► Exclusively hybrid
► Superb semi-autonomous tech
► Less likely to be parked badly outside of a school than a Range Rover
Swedish designed, splendid interior, enough room to house a family, dubious bits of crystal. We could be writing about Stockholm’s Royal Palace, but we are in fact talking about the Volvo XC90.
Like Sweden’s answer to Buckingham Palace the XC90 is a huge, regal thing that’s pretty old. It’s been around for five years now (Volvo, not the Queen’s residence) and won’t be replaced until 2021.
Buyers in the market for seven-seat luxo-tanks are well catered for, so the Volvo has lots of rivals. Other frontrunners include the Range Rover Sport, Land Rover Discovery, BMW X5, Audi Q7, and Mercedes-Benz GLE.
Volvo XC90 engine options
Big news here: while Volvo still offers diesel, all of the engines available are hybridised in some capacity. They’re all 2.0-litres too.
The cheapest engines are the B5s. Confusingly, B5 can be petrol or diesel – but they’re both mild-hybrids – meaning they recuperate energy when braking, which can then be used to aid economy or acceleration later. No need to plug in, but no pure electric driving either.

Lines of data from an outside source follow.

lemma grad_cutoff_radial:
  assumes R: "R > 0"
  obtains c where "c \<le> 0" "\<bar>c\<bar> \<le> 4 / R" "grad_cutoff R x = c *\<^sub>R (x /\<^sub>R norm x)"
proof (cases "norm x < 2 * R \<and> x \<noteq> 0")
  case False
  have "grad_cutoff R x = 0"
  proof (cases "x = 0")
    case True thus ?thesis by (simp add: grad_cutoff_def)
  next
    case False
    thus ?thesis using \<open>\<not> (norm x < 2 * R \<and> x \<noteq> 0)\<close> cutoff_outer(2)[OF R] by simp
  qed
  thus ?thesis using that[of 0] R by simp
next
  case True
  define e where "e = cutoff_profile' R (x \<bullet> x)"
  have e0: "e \<le> 0" and e1: "e \<ge> - 1 / (3/2 * R\<^sup>2)"
    using cutoff_profile'_bounds[OF R] unfolding e_def by auto
  have "grad_cutoff R x = (2 * e * norm x) *\<^sub>R (x /\<^sub>R norm x)"
    unfolding grad_cutoff_def e_def using True by simp
  moreover have "2 * e * norm x \<le> 0" using e0 by (simp add: mult_nonpos_nonneg)
  moreover have "\<bar>2 * e * norm x\<bar> \<le> 4 / R"
  proof -
    have "\<bar>2 * e * norm x\<bar> = 2 * (- e) * norm x" using e0 by (simp add: abs_mult)
    also have "\<dots> \<le> 2 * (1 / (3/2 * R\<^sup>2)) * (2 * R)" using e0 e1 True by (intro mult_mono) auto
    also have "\<dots> \<le> 4 / R" using R by (simp add: power2_eq_square field_simps)
    finally show ?thesis .
  qed
  ultimately show ?thesis using that by blast
qed

section \<open>Cutting off a field in \<open>H\<^sub>l\<^sub>o\<^sub>c(curl)\<close>\<close>

lemma vec3_eq_iff: "(x::'a^3) = y \<longleftrightarrow> x$1 = y$1 \<and> x$2 = y$2 \<and> x$3 = y$3"
  by (simp add: vec_eq_iff forall_3)

lemma continuous_on_vector3:
  assumes "continuous_on S a" "continuous_on S b" "continuous_on S c"
  shows "continuous_on S (\<lambda>x. vector [a x, b x, c x] :: 'a::real_normed_vector^3)"
proof -
  have "(\<lambda>x. vector [a x, b x, c x] :: 'a^3) = (\<lambda>x. \<chi> i. if i = 1 then a x else if i = 2 then b x else c x)"
    by (simp add: fun_eq_iff vec3_eq_iff)
  moreover have "continuous_on S (\<lambda>x. (if i = 1 then a x else if i = 2 then b x else c x))" for i :: 3
    using assms by (cases "i = 1"; cases "i = 2") auto
  ultimately show ?thesis by (simp only:) (rule continuous_on_vec_lambda)
qed

lemma cdot_ccross_left: "cdot (ccross g u) p = - cdot u (ccross g p)"
  unfolding cdot_3 ccross_def by (simp add: ring_distribs)

definition cross_matrix :: "R3 \<Rightarrow> M3" where
  "cross_matrix g = vector [vector [0, - complex_of_real (g$3), complex_of_real (g$2)],
                            vector [complex_of_real (g$3), 0, - complex_of_real (g$1)],
                            vector [- complex_of_real (g$2), complex_of_real (g$1), 0]]"

lemma cross_matrix_mult: "cross_matrix g *v b = ccross (cvec g) b"
  unfolding vec3_eq_iff cross_matrix_def matrix_vector_mult_def ccross_def cvec_def
  by (simp add: sum_3)

lemma cross_matrix_zero [simp]: "cross_matrix 0 = 0"
  unfolding cross_matrix_def vec3_eq_iff by simp

lemma continuous_on_cross_matrix:
  "continuous_on UNIV g \<Longrightarrow> continuous_on UNIV (\<lambda>x. cross_matrix (g x))"
  unfolding cross_matrix_def by (intro continuous_on_vector3 continuous_intros)

lemma continuous_on_ccurl: "(\<And>j. continuous_on UNIV (pd F j)) \<Longrightarrow> continuous_on UNIV (ccurl F)"
  unfolding ccurl_def by (intro continuous_on_vector3 continuous_intros)

lemma continuous_on_ccross_cvec:
  "continuous_on UNIV g \<Longrightarrow> continuous_on UNIV \<phi> \<Longrightarrow> continuous_on UNIV (\<lambda>x. ccross (cvec (g x)) (\<phi> x))"
  unfolding ccross_def cvec_def by (intro continuous_on_vector3 continuous_intros)

lemma continuous_on_bounded_support:
  fixes \<psi> :: "R3 \<Rightarrow> 'a::real_normed_vector"
  assumes c: "continuous_on UNIV \<psi>" and s: "\<And>x. norm x \<ge> r \<Longrightarrow> \<psi> x = 0"
  obtains B where "\<And>x. norm (\<psi> x) \<le> B"
proof -
  obtain B where "\<And>x. norm x \<le> r \<Longrightarrow> norm (\<psi> x) \<le> B"
    using continuous_on_bounded_on_ball[OF c, where r = r] by blast
  hence "norm (\<psi> x) \<le> max B 0" for x
  proof (cases "norm x \<le> r")
    case True
    thus ?thesis using \<open>\<And>x. norm x \<le> r \<Longrightarrow> norm (\<psi> x) \<le> B\<close> by (simp add: le_max_iff_disj)
  next
    case False
    thus ?thesis using s[of x] by simp
  qed
  thus ?thesis by (rule that)
qed

lemma L2on_UNIV_if_support_in_ball:
  assumes "L2on (ball 0 r) F" and "\<And>x. norm x \<ge> r \<Longrightarrow> F x = 0"
  shows "L2on UNIV F"
proof -
  have e1: "indicator UNIV x *\<^sub>R F x = indicator (ball 0 r) x *\<^sub>R F x" for x
    using assms(2)[of x] by (cases "x \<in> ball 0 r") simp_all
  have e2: "indicator UNIV x * (norm (F x))\<^sup>2 = indicator (ball 0 r) x * (norm (F x))\<^sup>2" for x
    using assms(2)[of x] by (cases "x \<in> ball 0 r") simp_all
  show ?thesis using assms(1) unfolding L2on_def e1 e2 .
qed

lemma L2loc_matrix_vector_mult:
  assumes F: "L2loc F" and c: "continuous_on UNIV M" and b: "\<And>x. norm (M x) \<le> B"
  shows "L2loc (\<lambda>x. (M x :: M3) *v F x)"
  unfolding L2loc_def
proof
  fix r
  have "ball (0::R3) r \<in> sets lebesgue" using lmeasurable_ball fmeasurableD by blast
  hence "(\<lambda>x. indicator (ball 0 r) x *\<^sub>R M x) \<in> borel_measurable lebesgue"
    using continuous_on_imp_borel_measurable_lebesgue[OF c] by measurable
  thus "L2on (ball 0 r) (\<lambda>x. M x *v F x)"
    using F b unfolding L2loc_def by (intro L2on_matrix_vector_mult[where B = B]) auto
qed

In B5 diesel form (the only black pump option) it’s superb. Volvo reckons it’ll crack more than 40mpg, while thanks to 235hp and 480Nm of torque, the 0-62mph is a respectable 7.6 seconds. This is the one to go for if you want peaceful progress and don’t care what the neighbours think about your appetite for diesel. Although thanks to the badging, nosey neighbours won’t be writing in Facebook groups about a diesel SUV clogging up their streets.
We digress. The B5 petrol offers up 250hp/29.1-32.4mpg/7.7seconds. We’d recommend the more powerful B6 engine. It offers up another 50hp which makes it feel less strained than the B5, while offering near identical MPG levels. Admittedly, both B5 options are more than capable of transporting Hugo and Imogen to school and back.
Interestingly, there’s a plug-in hybrid XC90 called the T8 Recharge. This offers up obscene MPG/power combination because of its turbocharged and supercharged 2.0-litre petrol engine that’s teamed with electric power.
Read CAR’s Volvo XC90 T8 Recharge review
How does the XC90 drive?
The optional air suspension system will be a popular fitment for most buyers and with it the XC90 is a fantastically refined drive, blending a superbly pliant ride with good body control and a steering fluency old SUVs could only dream of.
You can tweak the suspension system to your taste, switching between drive modes that also re-calibrate myriad other parameters, from throttle response to steering weight (always on the light side but nicely judged and responsive), but even in Power mode the big Volvo hangs onto its ride quality.
There’s a little roll if you’re pushing but generally the handling is composed and trustworthy. Besides, to drive the XC90 like this is to miss out on its great strength – an incredible refinement born of that plush ride, the interior’s calm ambience and a hushed lack of any wind or road noise.
Its real party piece is its ability to demolish long motorway slogs. At 70-80mph it simply rolls over rough roads and sends nearly no feedback to your back and bottom. Volvo’s semi-autonomous tech, called Pilot Assist, is also far better than some other systems. It’s smooth and methodical, and super easy to use. Set the distance from another car, adjust the speed, and it’ll do the rest.
The eight-speed auto gearbox is best left in less racy modes; switching to Power does the engine no favours, revving it past its best, shifting clumsily between the lower gears and making a bit of a racket that’s at odds with the XC90’s otherwise Zen-like sense of tranquility. There is also a big delay between putting your right foot down and making any progress – something particularly annoying at roundabouts.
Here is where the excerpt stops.